→ **Input material**
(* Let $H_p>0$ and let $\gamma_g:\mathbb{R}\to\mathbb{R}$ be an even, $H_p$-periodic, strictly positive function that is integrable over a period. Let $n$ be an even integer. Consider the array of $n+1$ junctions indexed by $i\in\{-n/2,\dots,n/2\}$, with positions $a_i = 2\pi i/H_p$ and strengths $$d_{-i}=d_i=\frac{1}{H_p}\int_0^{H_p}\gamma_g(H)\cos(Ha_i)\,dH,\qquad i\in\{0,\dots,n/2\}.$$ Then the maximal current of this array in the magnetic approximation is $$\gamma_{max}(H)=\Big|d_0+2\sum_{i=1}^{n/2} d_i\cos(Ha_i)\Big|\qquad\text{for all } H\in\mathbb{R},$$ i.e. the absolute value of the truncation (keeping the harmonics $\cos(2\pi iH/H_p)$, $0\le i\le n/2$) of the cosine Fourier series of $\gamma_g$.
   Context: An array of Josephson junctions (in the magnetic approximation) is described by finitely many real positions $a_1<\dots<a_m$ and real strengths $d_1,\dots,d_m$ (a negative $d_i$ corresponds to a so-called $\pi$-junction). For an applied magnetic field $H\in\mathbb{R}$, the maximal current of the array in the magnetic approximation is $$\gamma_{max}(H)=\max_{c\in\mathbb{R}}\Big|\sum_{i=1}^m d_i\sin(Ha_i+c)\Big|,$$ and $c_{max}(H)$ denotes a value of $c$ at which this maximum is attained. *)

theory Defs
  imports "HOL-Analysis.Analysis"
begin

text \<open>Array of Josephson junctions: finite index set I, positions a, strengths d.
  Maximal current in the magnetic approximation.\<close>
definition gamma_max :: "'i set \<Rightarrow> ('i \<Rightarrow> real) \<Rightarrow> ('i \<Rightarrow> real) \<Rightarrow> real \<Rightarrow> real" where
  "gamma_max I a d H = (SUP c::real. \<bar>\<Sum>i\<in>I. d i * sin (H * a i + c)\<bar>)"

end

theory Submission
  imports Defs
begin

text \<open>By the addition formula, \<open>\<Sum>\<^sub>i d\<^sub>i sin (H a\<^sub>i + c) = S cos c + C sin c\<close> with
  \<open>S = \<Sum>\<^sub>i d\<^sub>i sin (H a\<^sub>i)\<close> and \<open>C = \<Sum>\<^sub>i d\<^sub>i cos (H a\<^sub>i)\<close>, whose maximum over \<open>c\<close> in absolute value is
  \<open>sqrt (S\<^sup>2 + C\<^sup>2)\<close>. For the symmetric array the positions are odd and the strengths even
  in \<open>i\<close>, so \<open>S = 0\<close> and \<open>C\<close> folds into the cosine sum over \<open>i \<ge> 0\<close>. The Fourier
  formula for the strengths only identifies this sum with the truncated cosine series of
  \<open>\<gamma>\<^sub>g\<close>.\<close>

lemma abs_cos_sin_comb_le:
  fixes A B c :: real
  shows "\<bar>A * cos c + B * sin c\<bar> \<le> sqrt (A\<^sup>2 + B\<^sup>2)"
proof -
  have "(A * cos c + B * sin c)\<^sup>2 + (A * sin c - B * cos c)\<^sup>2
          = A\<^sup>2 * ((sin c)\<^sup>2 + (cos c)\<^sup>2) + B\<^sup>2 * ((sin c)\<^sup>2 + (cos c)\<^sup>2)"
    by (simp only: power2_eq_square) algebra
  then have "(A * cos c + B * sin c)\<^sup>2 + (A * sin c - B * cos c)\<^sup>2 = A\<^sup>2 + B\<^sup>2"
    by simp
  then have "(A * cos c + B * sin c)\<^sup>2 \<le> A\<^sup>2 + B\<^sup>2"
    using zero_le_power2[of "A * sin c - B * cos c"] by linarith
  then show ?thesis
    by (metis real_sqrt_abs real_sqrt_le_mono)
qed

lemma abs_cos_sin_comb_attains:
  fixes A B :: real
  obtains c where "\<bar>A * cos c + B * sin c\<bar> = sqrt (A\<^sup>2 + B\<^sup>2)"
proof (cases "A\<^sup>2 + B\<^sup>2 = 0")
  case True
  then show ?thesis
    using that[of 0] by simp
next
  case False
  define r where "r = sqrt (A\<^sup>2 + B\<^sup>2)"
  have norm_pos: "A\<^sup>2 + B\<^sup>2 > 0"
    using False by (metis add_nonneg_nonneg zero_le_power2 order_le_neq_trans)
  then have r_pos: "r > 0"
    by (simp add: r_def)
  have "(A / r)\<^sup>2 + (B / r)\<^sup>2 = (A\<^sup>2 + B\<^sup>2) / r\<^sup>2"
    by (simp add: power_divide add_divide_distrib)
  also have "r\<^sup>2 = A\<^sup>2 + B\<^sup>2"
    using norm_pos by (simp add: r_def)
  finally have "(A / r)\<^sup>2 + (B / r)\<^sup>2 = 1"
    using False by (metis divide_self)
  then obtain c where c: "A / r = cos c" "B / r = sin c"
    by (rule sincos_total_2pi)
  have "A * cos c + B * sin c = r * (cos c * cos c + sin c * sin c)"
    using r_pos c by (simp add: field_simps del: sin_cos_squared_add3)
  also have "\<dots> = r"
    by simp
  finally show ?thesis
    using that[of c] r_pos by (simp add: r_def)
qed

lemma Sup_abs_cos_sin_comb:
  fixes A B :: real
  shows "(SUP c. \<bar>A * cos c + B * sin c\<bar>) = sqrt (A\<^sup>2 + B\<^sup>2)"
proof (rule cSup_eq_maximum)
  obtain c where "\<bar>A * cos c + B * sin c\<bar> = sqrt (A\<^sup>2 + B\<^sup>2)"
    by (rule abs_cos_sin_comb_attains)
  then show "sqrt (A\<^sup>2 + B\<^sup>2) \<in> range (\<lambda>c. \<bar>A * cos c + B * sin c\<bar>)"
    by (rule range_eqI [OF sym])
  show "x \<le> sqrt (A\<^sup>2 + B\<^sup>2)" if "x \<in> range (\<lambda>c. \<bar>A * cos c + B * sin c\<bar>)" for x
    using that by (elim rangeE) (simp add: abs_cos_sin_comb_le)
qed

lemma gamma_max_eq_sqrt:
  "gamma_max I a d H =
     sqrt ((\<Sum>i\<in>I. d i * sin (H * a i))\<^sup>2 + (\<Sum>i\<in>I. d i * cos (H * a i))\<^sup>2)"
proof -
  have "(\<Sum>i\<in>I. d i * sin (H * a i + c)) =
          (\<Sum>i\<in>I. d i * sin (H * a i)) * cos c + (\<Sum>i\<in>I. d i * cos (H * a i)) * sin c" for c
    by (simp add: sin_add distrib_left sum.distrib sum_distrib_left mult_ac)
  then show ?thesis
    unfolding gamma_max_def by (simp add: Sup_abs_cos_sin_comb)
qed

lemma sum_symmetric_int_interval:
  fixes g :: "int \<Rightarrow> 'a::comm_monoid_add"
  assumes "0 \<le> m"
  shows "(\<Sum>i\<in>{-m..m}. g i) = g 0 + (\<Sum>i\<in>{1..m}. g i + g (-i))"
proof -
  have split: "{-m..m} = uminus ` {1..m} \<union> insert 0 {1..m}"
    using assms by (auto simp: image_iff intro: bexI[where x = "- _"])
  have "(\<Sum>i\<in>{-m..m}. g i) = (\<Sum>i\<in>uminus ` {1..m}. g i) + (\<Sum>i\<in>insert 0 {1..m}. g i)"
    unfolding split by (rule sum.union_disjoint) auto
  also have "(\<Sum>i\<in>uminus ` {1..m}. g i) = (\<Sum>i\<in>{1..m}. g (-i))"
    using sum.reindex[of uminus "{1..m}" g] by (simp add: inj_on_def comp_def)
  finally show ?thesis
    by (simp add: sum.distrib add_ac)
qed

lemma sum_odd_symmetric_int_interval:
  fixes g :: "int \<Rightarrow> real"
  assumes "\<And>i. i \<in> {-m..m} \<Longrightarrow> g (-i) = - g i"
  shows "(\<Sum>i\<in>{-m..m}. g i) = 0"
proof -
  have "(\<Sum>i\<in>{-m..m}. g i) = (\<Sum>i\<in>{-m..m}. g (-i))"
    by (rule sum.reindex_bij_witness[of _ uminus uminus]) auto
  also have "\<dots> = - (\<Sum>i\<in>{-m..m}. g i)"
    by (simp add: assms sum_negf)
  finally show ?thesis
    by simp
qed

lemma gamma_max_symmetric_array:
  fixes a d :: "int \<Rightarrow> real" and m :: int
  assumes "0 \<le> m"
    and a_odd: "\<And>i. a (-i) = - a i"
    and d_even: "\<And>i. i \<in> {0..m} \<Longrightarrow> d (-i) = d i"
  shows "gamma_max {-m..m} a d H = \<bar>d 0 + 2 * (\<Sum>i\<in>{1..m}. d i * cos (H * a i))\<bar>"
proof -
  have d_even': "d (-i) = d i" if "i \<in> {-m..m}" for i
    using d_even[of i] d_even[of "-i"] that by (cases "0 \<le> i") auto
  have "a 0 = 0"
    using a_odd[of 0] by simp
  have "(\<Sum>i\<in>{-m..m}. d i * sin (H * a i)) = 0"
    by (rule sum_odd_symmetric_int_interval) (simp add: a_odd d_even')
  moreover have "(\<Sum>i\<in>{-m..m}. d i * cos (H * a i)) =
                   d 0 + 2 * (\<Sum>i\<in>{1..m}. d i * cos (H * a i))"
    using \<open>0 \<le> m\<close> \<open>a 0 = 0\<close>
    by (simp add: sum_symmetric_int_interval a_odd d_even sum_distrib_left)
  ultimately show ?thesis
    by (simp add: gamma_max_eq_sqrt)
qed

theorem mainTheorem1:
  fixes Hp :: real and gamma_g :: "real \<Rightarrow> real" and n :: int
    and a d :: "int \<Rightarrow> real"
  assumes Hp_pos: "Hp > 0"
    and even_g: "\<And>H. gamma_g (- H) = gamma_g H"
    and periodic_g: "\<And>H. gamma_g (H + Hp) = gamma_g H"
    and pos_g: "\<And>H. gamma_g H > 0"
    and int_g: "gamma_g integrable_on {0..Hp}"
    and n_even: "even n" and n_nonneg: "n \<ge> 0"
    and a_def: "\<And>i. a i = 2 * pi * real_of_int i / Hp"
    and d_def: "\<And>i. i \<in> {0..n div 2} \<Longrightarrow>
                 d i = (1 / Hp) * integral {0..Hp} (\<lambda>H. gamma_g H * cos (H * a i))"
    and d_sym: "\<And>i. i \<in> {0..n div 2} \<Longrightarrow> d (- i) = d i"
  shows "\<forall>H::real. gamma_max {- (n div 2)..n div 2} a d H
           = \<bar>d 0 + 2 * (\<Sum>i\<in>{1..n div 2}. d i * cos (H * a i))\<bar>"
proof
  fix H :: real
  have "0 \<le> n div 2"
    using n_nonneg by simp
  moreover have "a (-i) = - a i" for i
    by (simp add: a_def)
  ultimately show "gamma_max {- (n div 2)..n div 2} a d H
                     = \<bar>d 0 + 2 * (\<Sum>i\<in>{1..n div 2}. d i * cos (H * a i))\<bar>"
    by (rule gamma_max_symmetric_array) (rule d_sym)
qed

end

---

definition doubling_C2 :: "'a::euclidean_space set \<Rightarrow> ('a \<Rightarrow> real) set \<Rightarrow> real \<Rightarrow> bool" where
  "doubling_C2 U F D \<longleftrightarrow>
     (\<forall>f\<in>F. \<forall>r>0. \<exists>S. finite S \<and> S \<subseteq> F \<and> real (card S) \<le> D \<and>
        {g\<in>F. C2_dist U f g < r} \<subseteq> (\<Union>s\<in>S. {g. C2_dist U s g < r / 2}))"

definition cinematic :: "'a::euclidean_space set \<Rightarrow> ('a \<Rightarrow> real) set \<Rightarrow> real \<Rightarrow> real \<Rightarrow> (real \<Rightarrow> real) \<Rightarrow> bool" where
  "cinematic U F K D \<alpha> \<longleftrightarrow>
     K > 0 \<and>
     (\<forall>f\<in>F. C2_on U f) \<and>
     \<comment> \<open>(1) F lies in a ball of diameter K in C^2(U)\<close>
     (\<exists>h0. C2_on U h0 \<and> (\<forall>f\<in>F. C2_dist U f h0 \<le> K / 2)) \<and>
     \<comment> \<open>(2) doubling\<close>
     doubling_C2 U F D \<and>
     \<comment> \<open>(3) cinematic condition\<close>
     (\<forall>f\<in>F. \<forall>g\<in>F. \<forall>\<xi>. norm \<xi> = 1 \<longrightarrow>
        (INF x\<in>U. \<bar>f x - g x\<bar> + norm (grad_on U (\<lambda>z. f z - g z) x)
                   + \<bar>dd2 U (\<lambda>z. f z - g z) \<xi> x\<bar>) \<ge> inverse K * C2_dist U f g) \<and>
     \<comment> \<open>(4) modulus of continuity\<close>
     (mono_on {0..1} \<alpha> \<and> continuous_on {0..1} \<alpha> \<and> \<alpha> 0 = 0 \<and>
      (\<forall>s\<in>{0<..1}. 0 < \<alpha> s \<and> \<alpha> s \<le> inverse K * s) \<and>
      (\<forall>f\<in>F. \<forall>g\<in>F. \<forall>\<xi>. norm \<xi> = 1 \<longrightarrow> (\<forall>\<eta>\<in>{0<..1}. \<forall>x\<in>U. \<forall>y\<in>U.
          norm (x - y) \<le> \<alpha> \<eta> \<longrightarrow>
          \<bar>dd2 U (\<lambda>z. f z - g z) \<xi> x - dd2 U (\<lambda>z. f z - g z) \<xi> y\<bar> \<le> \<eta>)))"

→ **Your objective**
Among the lines above, repeat exactly those from the line with "by (simp add: power_divide" to the line with "using False by (metis divide_self)", counting both ends.

→ **Solution for this task**
    by (simp add: power_divide add_divide_distrib)
  also have "r\<^sup>2 = A\<^sup>2 + B\<^sup>2"
    using norm_pos by (simp add: r_def)
  finally have "(A / r)\<^sup>2 + (B / r)\<^sup>2 = 1"
    using False by (metis divide_self)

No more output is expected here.